Seqanswers Leaderboard Ad

Collapse

Announcement

Collapse
No announcement yet.
X
 
  • Filter
  • Time
  • Show
Clear All
new posts

  • Protein ID that blast could not identify

    HI
    I downloaded a proteome in fasta formater, which contains hundreds of proteins (http://labs.umassmed.edu/chlamyfp/in...p?content=help). And I want to blast against these proteins with my data using Blast+, however, when I makeblastdb the proteome dataset, an error occurred
    *******************************************************************
    Error: NCBI C++ Exception:
    "/am/ncbiapdata/release/blast/src/2.2.26/IntelMAC-universal/c++/GCC401-ReleaseMT--IntelMAC-universal/../src/objects/seq/../seqloc/Seq_id.cpp", line 1679: Error: ncbi:bjects::CSeq_id::x_Init() - Unsupported ID type C_1150005
    *******************************************************************
    I thing there must be something wrong with the proteome data, cause the blast+ just worked well when I used the data downloaded directly from NCBI.

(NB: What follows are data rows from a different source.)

(* Let $f:\mathbb{R}^n\to\mathbb{R}$ be differentiable with $L$-Lipschitz gradient $\nabla f$, i.e. $\|\nabla f(x)-\nabla f(y)\|_2\le L\|x-y\|_2$ for all $x,y$. Suppose the estimators $G^t$ are independent versions of an unbiased estimator $G$ of $\nabla f$, and let $x^t$ be the iterates of stochastic Markov gradient descent (SMGD) with lattice resolution $\alpha>0$ and normalizer $\eta>0$. Let $\mathcal{E}^t$ denote the event that $\|G^t(x^t)\|_\infty\le\eta$. Then $$\mathbb{E}\left[f(x^{t+1})\,\middle|\,x^t,\mathcal{E}^t\right]\le f(x^t)+\frac{L\alpha^2}{2\eta}\,\mathbb{E}\left[\|G(x^t)\|_1\,\middle|\,x^t,\mathcal{E}^t\right]-\frac{\alpha}{\eta}\|\nabla f(x^t)\|_2^2 .$$
   Context: SMGD: Let $f:\mathbb{R}^n\to\mathbb{R}$ be differentiable, $\alpha>0$, $\eta>0$, and $x^0\in\alpha\mathbb{Z}^n$. At step $t$ a random vector $G^t(x^t)\in\mathbb{R}^n$ (an estimate of $\nabla f(x^t)$) is drawn; then for each coordinate $i\in\{1,\dots,n\}$, conditionally on $G^t$ and $x^t$, $\Delta^t_i\in\{0,1\}$ is a Bernoulli random variable with $\mathbb{P}[\Delta^t_i=1\mid G^t,x^t]=\min(|G^t(x^t)_i|/\eta,1)$, and one sets $x^{t+1}_i=x^t_i-\alpha\,\mathrm{sgn}(G^t(x^t)_i)\,\Delta^t_i$. A random function $G:\mathbb{R}^n\to\mathbb{R}^n$ is an unbiased estimator of $\nabla f$ if $\mathbb{E}[G(x)]=\nabla f(x)$ for every $x$. Standing assumptions: $\{G^t\}$ are independent identically distributed copies of $G$; each $G^t$ is independent of $x^t$, so $\mathbb{E}[G^t(x^t)\mid x^t]=\nabla f(x^t)$; and moreover $\mathbb{E}[G^t(x^t)\mid x^t,\mathcal{E}^t]=\nabla f(x^t)$, where $\mathcal{E}^t$ is the event $\|G^t(x^t)\|_\infty\le\eta$. Subscript $i$ denotes the $i$-th coordinate. *)

theory Defs
  imports "HOL-Probability.Probability"
begin

text \<open>Elementary conditional expectation of a random variable h given an event A
  (meaningful when A is an event of positive probability):
  E[h | A] = (1 / P(A)) * integral of h over A.\<close>
definition cond_exp_event :: "'a measure \<Rightarrow> 'a set \<Rightarrow> ('a \<Rightarrow> 'b::{banach, second_countable_topology}) \<Rightarrow> 'b" where
  "cond_exp_event M A h = (1 / measure M A) *\<^sub>R set_lebesgue_integral M A h"

definition norm1 :: "real ^ 'n \<Rightarrow> real" where
  "norm1 v = (\<Sum>i\<in>UNIV. \<bar>v $ i\<bar>)"

end

theory Submission
  imports Defs
begin

text \<open>
  An SMGD step moves coordinate \<open>i\<close> by \<open>h\<^sub>i = - \<alpha> sgn(G\<^sub>i) D\<^sub>i\<close> with \<open>D\<^sub>i \<in> {0, 1}\<close>, so
  \<open>\<parallel>h\<parallel>\<^sup>2 \<le> \<alpha>\<^sup>2 \<Sum>\<^sub>i D\<^sub>i\<close> and the descent lemma for the \<open>L\<close>-smooth \<open>f\<close> gives
  \<open>f (x + h) \<le> f x - \<alpha> \<Sum>\<^sub>i \<partial>\<^sub>if(x) sgn(G\<^sub>i) D\<^sub>i + L \<alpha>\<^sup>2/2 \<Sum>\<^sub>i D\<^sub>i\<close>.
  On the event \<open>\<parallel>G\<parallel>\<^sub>\<infinity> \<le> \<eta>\<close> the cap in the Bernoulli parameter \<open>min (|G\<^sub>i|/\<eta>) 1\<close> is
  inactive, so integrating the thinning identity over events determined by \<open>(X, G)\<close> gives
  \<open>E[D\<^sub>i] = E|G\<^sub>i|/\<eta>\<close> and, splitting by the sign of \<open>G\<^sub>i\<close>,
  \<open>E[sgn(G\<^sub>i) D\<^sub>i] = E[G\<^sub>i]/\<eta> = \<partial>\<^sub>if(x)/\<eta>\<close>. Taking conditional expectations of the
  pointwise bound yields the claim.
\<close>

lemma descent_lemma:
  fixes f :: "'a::real_inner \<Rightarrow> real"
  assumes grad: "\<And>x. (f has_derivative (\<lambda>h. grad x \<bullet> h)) (at x)"
    and lip: "\<And>x y. norm (grad x - grad y) \<le> L * norm (x - y)"
  shows "f (x + h) \<le> f x + grad x \<bullet> h + L / 2 * (norm h)\<^sup>2"
proof -
  define \<phi> where "\<phi> s = f (x + s *\<^sub>R h) - s * (grad x \<bullet> h) - L / 2 * s\<^sup>2 * (norm h)\<^sup>2" for s :: real
  have \<phi>_deriv: "(\<phi> has_real_derivative (grad (x + s *\<^sub>R h) - grad x) \<bullet> h - L * s * (norm h)\<^sup>2) (at s)" for s
  proof -
    have "((\<lambda>s. x + s *\<^sub>R h) has_derivative (\<lambda>r. r *\<^sub>R h)) (at s)"
      by (auto intro!: derivative_eq_intros)
    from has_derivative_compose[OF this grad]
    have "((\<lambda>s. f (x + s *\<^sub>R h)) has_real_derivative grad (x + s *\<^sub>R h) \<bullet> h) (at s)"
      by (simp add: has_field_derivative_def mult.commute[of _ "grad (x + s *\<^sub>R h) \<bullet> h"])
    then show ?thesis
      unfolding \<phi>_def by (auto intro!: derivative_eq_intros simp: inner_diff_left)
  qed
  have "\<phi> 1 \<le> \<phi> 0"
  proof (rule DERIV_nonpos_imp_nonincreasing[where f=\<phi>])
    fix s :: real assume s: "0 \<le> s" "s \<le> 1"
    have "(grad (x + s *\<^sub>R h) - grad x) \<bullet> h \<le> norm (grad (x + s *\<^sub>R h) - grad x) * norm h"
      by (rule norm_cauchy_schwarz)
    also have "\<dots> \<le> L * norm (s *\<^sub>R h) * norm h"
      using lip[of "x + s *\<^sub>R h" x] by (intro mult_right_mono) auto
    also have "\<dots> = L * s * (norm h)\<^sup>2"
      using s by (simp add: power2_eq_square)
    finally show "\<exists>y. (\<phi> has_real_derivative y) (at s) \<and> y \<le> 0"
      using \<phi>_deriv[of s] by (intro exI[of _ "(grad (x + s *\<^sub>R h) - grad x) \<bullet> h - L * s * (norm h)\<^sup>2"]) auto
  qed simp
  then show ?thesis unfolding \<phi>_def by simp
qed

    Therefore, I opened the proteome data with textedit, and for example, the header of each sequence was like this
    *****************************************************************
    >C_680011|168600 FAP45, Flagellar Associated Protein Weakly Similar to Nasopharyngeal Epithelium Specific Protein 1
    MPQTPPRSGGYRSGKQSYVDESLFGGSKRTGAAQVETLDSLKLTAPTRTISPKDRDVVTLTKGDLTRMLKASPIMTAEDVAAAKREAEAKREQLQAVSKA
    RKEKMLKLEEEAKKQAPPTETEILQRQLNDATRSRATHMMLEQKDPVKHMNQMMLYSKCVTIRDAQIEEKKQMLAEEEEEQRRLDLMMEIERVKALEQYE
    ARERQRVEERRKGAAVLSEQIKERERERIRQEELRDQERLQMLREIERLKEEEMQAQIEKKIQAKQLMEEVAAANSEQIKRKEGMKVREKEEDLRIADYI
    LQKEMREQ
    *****************************************************************

    Here the "C_680011|168600" should be the protein ID I think, but there was no found if I search it in NCBI. I just wonder what kind of ID it is and how should I do to make the blast+ recognise it.

    Thanks!

  • #2
    Are you using the -parse_seqids option? If so, try it without this. I only ever use this if my FASTA file identifiers follow the NCBI naming conventions.

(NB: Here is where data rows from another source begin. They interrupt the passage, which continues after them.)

lemma lin_indep_family_over_card_le_span:
  assumes "finite T" and E: "subfield E"
  shows "lin_indep_family_over E I v \<Longrightarrow> (\<And>i. i \<in> I \<Longrightarrow> v i \<in> span_over E T) \<Longrightarrow> card I \<le> card T"
  using assms(1)
proof (induction T arbitrary: I v rule: finite_induct)
  case empty
  then have "I = {}" using lin_indep_family_over_nonzero[OF empty.prems(1) E] span_over_empty by auto
  then show ?case by simp
next
  case (insert t T)
  have "\<forall>i\<in>I. \<exists>a r. a \<in> E \<and> r \<in> span_over E T \<and> v i = a * t + r"
    using span_over_insertE[OF insert.hyps(1,2) insert.prems(2)] by metis
  then obtain a r where a: "\<And>i. i \<in> I \<Longrightarrow> a i \<in> E" and r: "\<And>i. i \<in> I \<Longrightarrow> r i \<in> span_over E T"
    and v: "\<And>i. i \<in> I \<Longrightarrow> v i = a i * t + r i"
    by metis
  show ?case
  proof (cases "\<forall>i\<in>I. a i = 0")
    case True
    then have "card I \<le> card T" using insert.IH[OF insert.prems(1)] v r by auto
    then show ?thesis using insert.hyps by simp
  next
    case False
    then obtain i0 where i0: "i0 \<in> I" "a i0 \<noteq> 0" by auto
    \<comment> \<open>subtracting multiples of \<open>v i0\<close> eliminates \<open>t\<close> from the remaining vectors\<close>
    have indep: "lin_indep_family_over E (I - {i0}) (\<lambda>i. v i - (a i / a i0) * v i0)"
      by (rule lin_indep_family_over_eliminate[where a = a, OF E insert.prems(1) a i0])
    have span: "v i - (a i / a i0) * v i0 \<in> span_over E T" if "i \<in> I - {i0}" for i
    proof -
      have "v i - (a i / a i0) * v i0 = r i - (a i / a i0) * r i0"
        using v[of i] v[OF i0(1)] i0(2) that by (simp add: field_simps)
      also have "\<dots> \<in> span_over E T"
        using that i0 a r by (intro span_over_diff[OF E] span_over_smult[OF E] subfield_divide[OF E]) auto
      finally show ?thesis .
    qed
    have "card (I - {i0}) \<le> card T" using insert.IH[OF indep span] by simp
    moreover have "finite I" using insert.prems(1) by (rule lin_indep_family_over_finite)
    ultimately show ?thesis using i0(1) insert.hyps by (simp add: card_Diff_singleton)
  qed
qed

lemma is_basis_over_finite: "is_basis_over E V B \<Longrightarrow> finite B"
  by (simp add: is_basis_over_def)

lemma is_basis_over_subset: "is_basis_over E V B \<Longrightarrow> B \<subseteq> V"
  by (simp add: is_basis_over_def)

lemma is_basis_over_indep: "is_basis_over E V B \<Longrightarrow> lin_indep_over E B"
  by (simp add: is_basis_over_def)

lemma is_basis_over_span: "is_basis_over E V B \<Longrightarrow> span_over E B = V"
  by (simp add: is_basis_over_def)

lemma lin_indep_over_card_le_basis:
  assumes "subfield E" "is_basis_over E V B" "S \<subseteq> V" "lin_indep_over E S"
  shows "card S \<le> card B"
  using lin_indep_family_over_card_le_span[OF is_basis_over_finite[OF assms(2)] assms(1), of S id] assms
  unfolding lin_indep_over_iff_family by (auto simp: is_basis_over_span)

lemma is_basis_over_card_eq:
  assumes "subfield E" "is_basis_over E V B1" "is_basis_over E V B2"
  shows "card B1 = card B2"
  using assms lin_indep_over_card_le_basis is_basis_over_subset is_basis_over_indep
  by (metis le_antisym)

lemma ext_degree_eq_card:
  assumes "subfield E" "is_basis_over E V B"
  shows "ext_degree E V = card B"
  unfolding ext_degree_def
  using someI[of "is_basis_over E V", OF assms(2)] is_basis_over_card_eq[OF assms(1)] assms(2) by blast

lemma ext_degree_self:
  assumes K: "subfield K"
  shows "ext_degree K K = 1"
proof -
  have "span_over K {1} = K"
    unfolding span_over_def by (force intro: exI[of _ "\<lambda>_. _"])
  then have "is_basis_over K K {1}"
    using subfield_1[OF K] by (simp add: is_basis_over_def lin_indep_over_def)
  then show ?thesis using ext_degree_eq_card[OF K] by simp
qed

lemma ext_degree_mono:
  assumes "finite_ext K L" "finite_ext K M" "L \<subseteq> M"
  shows "ext_degree K L \<le> ext_degree K M"
proof -
  obtain BL BM where BL: "is_basis_over K L BL" and BM: "is_basis_over K M BM"
    using assms(1,2) by (auto simp: finite_ext_def)
  have K: "subfield K" using assms(1) by (simp add: finite_ext_def)
  have "card BL \<le> card BM"
    using is_basis_over_subset[OF BL] assms(3) is_basis_over_indep[OF BL]
    by (intro lin_indep_over_card_le_basis[OF K BM]) auto
  then show ?thesis using ext_degree_eq_card[OF K BL] ext_degree_eq_card[OF K BM] by simp
qed

lemma lin_indep_over_insert:
  assumes E: "subfield E" and S: "lin_indep_over E S" and w: "w \<notin> span_over E S"
  shows "lin_indep_over E (insert w S)"
  unfolding lin_indep_over_def
proof (intro conjI allI impI ballI)
  have fin: "finite S" using S by (rule lin_indep_over_finite)
  then show "finite (insert w S)" by simp
  have wS: "w \<notin> S" using w span_over_superset[OF E fin] by auto
  fix c x assume c: "\<forall>b\<in>insert w S. c b \<in> E" and "(\<Sum>b\<in>insert w S. c b * b) = 0"
    and x: "x \<in> insert w S"
  then have sum0: "c w * w + (\<Sum>b\<in>S. c b * b) = 0" using fin wS by simp
  have cw: "c w = 0"
  proof (rule ccontr)
    assume "c w \<noteq> 0"
    then have "w = (\<Sum>b\<in>S. (- c b / c w) * b)"
      using sum0 by (simp add: field_simps sum_divide_distrib[symmetric] sum_negf eq_neg_iff_add_eq_0)
    moreover have "(\<Sum>b\<in>S. (- c b / c w) * b) \<in> span_over E S"
      by (rule span_overI[OF _ refl]) (use c E in \<open>auto intro!: subfield_divide subfield_uminus\<close>)
    ultimately show False using w by simp
  qed
  then have "\<forall>b\<in>S. c b = 0" using S c sum0 unfolding lin_indep_over_def by auto
  then show "c x = 0" using x cw by auto
qed

lemma subspace_has_basis:
  assumes E: "subfield E" and B: "is_basis_over E V B" and WV: "W \<subseteq> V" and W0: "0 \<in> W"
    and Wadd: "\<And>x y. x \<in> W \<Longrightarrow> y \<in> W \<Longrightarrow> x + y \<in> W"
    and Wsmult: "\<And>e x. e \<in> E \<Longrightarrow> x \<in> W \<Longrightarrow> e * x \<in> W"
  obtains S where "is_basis_over E W S"
proof -
  define P where "P = (\<lambda>S. S \<subseteq> W \<and> lin_indep_over E S)"
  have "P {}" by (simp add: P_def lin_indep_over_def)
  moreover have "\<forall>S. P S \<longrightarrow> card S < Suc (card B)"
    using lin_indep_over_card_le_basis[OF E B] WV by (auto simp: P_def less_Suc_eq_le)
  \<comment> \<open>an independent subset of \<open>W\<close> of maximal size spans \<open>W\<close>\<close>
  ultimately obtain S where S: "P S" and Smax: "\<And>S'. P S' \<Longrightarrow> card S' \<le> card S"
    using ex_has_greatest_nat[of P "{}" card "Suc (card B)"] by blast
  have SW: "S \<subseteq> W" and Si: "lin_indep_over E S" using S by (auto simp: P_def)
  have fin: "finite S" using Si by (rule lin_indep_over_finite)
  have "span_over E S \<subseteq> W"
  proof
    fix x assume "x \<in> span_over E S"
    then obtain c where c: "\<And>b. b \<in> S \<Longrightarrow> c b \<in> E" "x = (\<Sum>b\<in>S. c b * b)"
      by (blast elim: span_overE)
    show "x \<in> W" unfolding c(2) by (rule sum_closed[OF W0 Wadd]) (use c SW Wsmult in auto)
  qed
  moreover have "W \<subseteq> span_over E S"
  proof
    fix w assume w: "w \<in> W"
    show "w \<in> span_over E S"
    proof (rule ccontr)
      assume nw: "w \<notin> span_over E S"
      then have "P (insert w S)" using lin_indep_over_insert[OF E Si nw] w SW by (auto simp: P_def)
      moreover have "w \<notin> S" using nw span_over_superset[OF E fin] by auto
      ultimately show False using Smax[of "insert w S"] fin by simp
    qed
  qed
  ultimately show ?thesis using that fin SW Si by (auto simp: is_basis_over_def)
qed

lemma finite_ext_intermediate:
  assumes N: "finite_ext K N" and L: "subfield L" and KL: "K \<subseteq> L" and LN: "L \<subseteq> N"
  shows "finite_ext K L"
proof -
  have K: "subfield K" using N by (simp add: finite_ext_def)
  obtain B where B: "is_basis_over K N B" using N by (auto simp: finite_ext_def)
  have "e * x \<in> L" if "e \<in> K" "x \<in> L" for e x
    using subfield_mult[OF L, of e x] that KL by auto
  then obtain S where "is_basis_over K L S"
    using subspace_has_basis[OF K B LN subfield_0[OF L] subfield_add[OF L]] by blast
  then show ?thesis using L K KL by (auto simp: finite_ext_def)
qed

lemma lin_indep_family_over_products:
  assumes K: "subfield K" and F: "subfield F" and KF: "K \<subseteq> F" and A: "lin_indep_over F A"
    and BF: "B \<subseteq> F" and B: "lin_indep_over K B"
  shows "lin_indep_family_over K (A \<times> B) (\<lambda>(a, b). a * b)"
  unfolding lin_indep_family_over_def
proof (intro conjI allI impI ballI)
  show "finite (A \<times> B)" using A B by (simp add: lin_indep_over_finite)
  fix c p assume c: "\<forall>p\<in>A \<times> B. c p \<in> K" and sum0: "(\<Sum>p\<in>A \<times> B. c p * (case p of (a, b) \<Rightarrow> a * b)) = 0"
    and p: "p \<in> A \<times> B"
  have "(\<Sum>a\<in>A. (\<Sum>b\<in>B. c (a, b) * b) * a) = (\<Sum>a\<in>A. \<Sum>b\<in>B. c (a, b) * (a * b))"
    by (simp add: sum_distrib_left sum_distrib_right ac_simps)
  also have "\<dots> = 0" using sum0 by (simp add: sum.cartesian_product case_prod_beta)
  finally have "(\<Sum>a\<in>A. (\<Sum>b\<in>B. c (a, b) * b) * a) = 0" .
  moreover have "(\<Sum>b\<in>B. c (a, b) * b) \<in> F" if "a \<in> A" for a
    using c BF KF that by (auto intro!: subfield_sum[OF F] subfield_mult[OF F])
  ultimately have inner: "(\<Sum>b\<in>B. c (a, b) * b) = 0" if "a \<in> A" for a
    using lin_indep_overD[OF A, of "\<lambda>a. \<Sum>b\<in>B. c (a, b) * b" a] that by blast
  obtain a b where ab: "p = (a, b)" "a \<in> A" "b \<in> B" using p by auto
  have "c (a, b) = 0" by (rule lin_indep_overD[OF B _ inner[OF ab(2)] ab(3)]) (use c ab in auto)
  then show "c p = 0" using ab by simp
qed

lemma is_basis_over_tower:
  assumes K: "subfield K" and E: "subfield E" and X: "subfield X" and KE: "K \<subseteq> E" and EX: "E \<subseteq> X"
    and B: "is_basis_over E X B" and C: "is_basis_over K E C"
  shows "is_basis_over K X ((\<lambda>(b, c). b * c) ` (B \<times> C))"
proof -
  let ?v = "\<lambda>(b, c). b * c"
  have indep: "lin_indep_family_over K (B \<times> C) ?v"
    by (rule lin_indep_family_over_products[OF K E KE is_basis_over_indep[OF B]
          is_basis_over_subset[OF C] is_basis_over_indep[OF C]])
  have inj: "inj_on ?v (B \<times> C)" by (rule inj_on_lin_indep_family_over[OF indep K])
  have sub: "?v ` (B \<times> C) \<subseteq> X"
    using is_basis_over_subset[OF B] is_basis_over_subset[OF C] EX by (auto intro!: subfield_mult[OF X])
  have "X \<subseteq> span_over K (?v ` (B \<times> C))"
  proof
    fix x assume "x \<in> X"
    then have "x \<in> span_over E B" by (simp add: is_basis_over_span[OF B])
    then obtain c where c: "\<And>b. b \<in> B \<Longrightarrow> c b \<in> E" "x = (\<Sum>b\<in>B. c b * b)"
      by (blast elim: span_overE)
    have "\<forall>b\<in>B. c b \<in> span_over K C" using c(1) by (simp add: is_basis_over_span[OF C])
    then have "\<forall>b\<in>B. \<exists>d. (\<forall>e\<in>C. d e \<in> K) \<and> c b = (\<Sum>e\<in>C. d e * e)"
      unfolding span_over_def by blast
    then obtain d where d: "\<And>b e. b \<in> B \<Longrightarrow> e \<in> C \<Longrightarrow> d b e \<in> K"
      and cd: "\<And>b. b \<in> B \<Longrightarrow> c b = (\<Sum>e\<in>C. d b e * e)"
      by metis
    have "x = (\<Sum>b\<in>B. \<Sum>e\<in>C. d b e * (b * e))"
      unfolding c(2) using cd by (simp add: sum_distrib_right sum_distrib_left ac_simps)
    also have "\<dots> = (\<Sum>p\<in>B \<times> C. d (fst p) (snd p) * ?v p)"
      by (simp add: sum.cartesian_product case_prod_beta)
    also have "\<dots> \<in> span_over K (?v ` (B \<times> C))"
      by (rule span_over_image[OF inj]) (use d in auto)
    finally show "x \<in> span_over K (?v ` (B \<times> C))" .
  qed
  moreover have "span_over K (?v ` (B \<times> C)) \<subseteq> X"
    by (rule span_over_subset_subfield[OF X]) (use KE EX sub in auto)
  ultimately show ?thesis
    using indep lin_indep_family_over_iff_image[OF inj] sub is_basis_over_finite[OF B] is_basis_over_finite[OF C]
    by (auto simp: is_basis_over_def)
qed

    It would be useful to show the command you used to run makeblastdb as that might help us to understand what you are doing.

    Comment


    • #3
      Originally posted by maubp View Post
      Are you using the -parse_seqids option? If so, try it without this. I only ever use this if my FASTA file identifiers follow the NCBI naming conventions.

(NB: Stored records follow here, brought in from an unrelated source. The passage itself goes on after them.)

theorem lemmaA3:
  fixes r \<sigma> s c lam a q d gam b th w :: real
  assumes pos: "r > 0" "\<sigma> > 0" "s > 0" "c > 0" "lam > 0" "a > 0" "q > 0" "d > 0" "gam > 0" "b > 0"
    and "a < lam" and "b < gam" and "1 - lam*r > 0" and "1 - b*r > 0"
    and th_def: "th = sqrt (2*r/\<sigma>^2)"
    and "w > 1" and "Gfun r th s c lam a q d gam b w = 0"
    and "(1 - lam*r)*(w - w*ln w - 1) + c*r*th*w > 0"
  shows "(\<forall>x. let x1 = xbar1 r th q d gam b w; x2 = xbar2 r th q d gam b w;
                 V = W1 r th s c lam a x1 x2;
                 \<delta>x = (if x \<le> x2 then x2 - x else 0)
             in \<delta>x \<ge> 0 \<and>
                (\<forall>\<delta>\<ge>0. \<delta> \<noteq> \<delta>x \<longrightarrow> V (x + \<delta>) - c - lam*\<delta> < V (x + \<delta>x) - c - lam*\<delta>x)) \<and>
     {x. Mop (W1 r th s c lam a (xbar1 r th q d gam b w) (xbar2 r th q d gam b w)) c lam x
             - W1 r th s c lam a (xbar1 r th q d gam b w) (xbar2 r th q d gam b w) x < 0}
           = {xbar1 r th q d gam b w<..} \<and>
     {x. Mop (W1 r th s c lam a (xbar1 r th q d gam b w) (xbar2 r th q d gam b w)) c lam x
             - W1 r th s c lam a (xbar1 r th q d gam b w) (xbar2 r th q d gam b w) x = 0}
           = {..xbar1 r th q d gam b w}"
proof -
  define x1 where "x1 = xbar1 r th q d gam b w"
  define x2 where "x2 = xbar2 r th q d gam b w"
  have r: "r > 0" and c: "c > 0"
    using pos by simp_all
  have th: "th > 0"
    using th_def pos by simp
  have "a * r < lam * r"
    using \<open>a < lam\<close> r by simp
  then have ar: "1 - a * r \<noteq> 0"
    using \<open>1 - lam * r > 0\<close> by linarith
  have shape: "plateau_peak (\<lambda>y. W1 r th s c lam a x1 x2 y - lam * y) c x1 x2"
  proof (rule W1_plateau_peak[OF th r c \<open>w > 1\<close> \<open>a < lam\<close> \<open>1 - lam * r > 0\<close>])
    show "x1 = x2 - ln w / th"
      by (simp add: x1_def x2_def xbar1_def)
    show "(a - lam) * x2 - c - (x1 - s) / r + lam * x1 = bump_coeff c ((1 - lam * r) / (r * th)) w"
      unfolding x1_def x2_def by (rule Gfun_root_bump_coeff) fact+
  qed fact
  show ?thesis
    unfolding x1_def[symmetric] x2_def[symmetric] Let_def
    using plateau_peak_unique_argmax[OF shape c] plateau_peak_intervention_regions[OF shape c]
    by simp
qed

end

      It would be useful to show the command you used to run makeblastdb as that might help us to understand what you are doing.
      Dear Maubp,
      Thanks for you reply.
      Yes I used -parse_seqids, and followed your suggestion, without the -parse_seqids, another error showed up,
      *******************************************************************
      Error: (CArgException::eNoArg) Argument "dbtype". Mandatory value is missing: `String, `nucl', `prot''
      Error: (CArgException::eNoArg) Application's initialization failed
      *****************************************************************

      The command I used was
      makeblastdb -in CrFP.fasta -out CrFP

      Thanks

      Comment


      • #4
        That error is clear isn't it? You have to tell makeblastdb if your FASTA file is protein or nucleotides. i.e. either:

        Code:
        makeblastdb -in CrFP.fasta -out CrFP -dbtype nucl
        or,

        Code:
        makeblastdb -in CrFP.fasta -out CrFP -dbtype prot

        Comment


        • #5
          Originally posted by maubp View Post
          That error is clear isn't it? You have to tell makeblastdb if your FASTA file is protein or nucleotides. i.e. either:

          Code:
          makeblastdb -in CrFP.fasta -out CrFP -dbtype nucl
          or,

          Code:
          makeblastdb -in CrFP.fasta -out CrFP -dbtype prot
          YES!
          What a stupid mistake I made. It succeeded now!

          Thank you!

          Comment


          • #6
            Originally posted by Tsuyoshi View Post
            It succeeded now!
            Oh good. Understanding the NCBI BLAST+ error messages gets easier with practice

            Comment


            • #7
              Originally posted by maubp View Post
              Oh good. Understanding the NCBI BLAST+ error messages gets easier with practice
              YEAP!

              I couldn't agree with you anymore. Many thanks!

              Comment


              • #8
                Originally posted by maubp View Post
                Oh good. Understanding the NCBI BLAST+ error messages gets easier with practice
                HI Maubp,
                But I still have a question about the protein ID, it seems like that there is no database name the proteins in that way, I mean, take several proteins as example, they are

                C_1620015|156900
                C_10830001|152917
                C_2020008|159281
                C_510029|166481
                C_510029|166481
                C_510029|166481
                C_510029|166481

                I do not think they are accession numbers for Chlamydomonas in NCBI, but I want to identify their correct or real NCBI accession numbers, do you have any idea about that?

                Comment


                • #9
                  That's a different question - the only way your sequences would have real NCBI accession numbers would be if they have already been submitted to one of the databases. I would explore the NCBI databases for this using Entrez search term "chlamydomonas[orgn]" and see if anything matches your dataset:


                  (square brackets in the URL confuse the forum software)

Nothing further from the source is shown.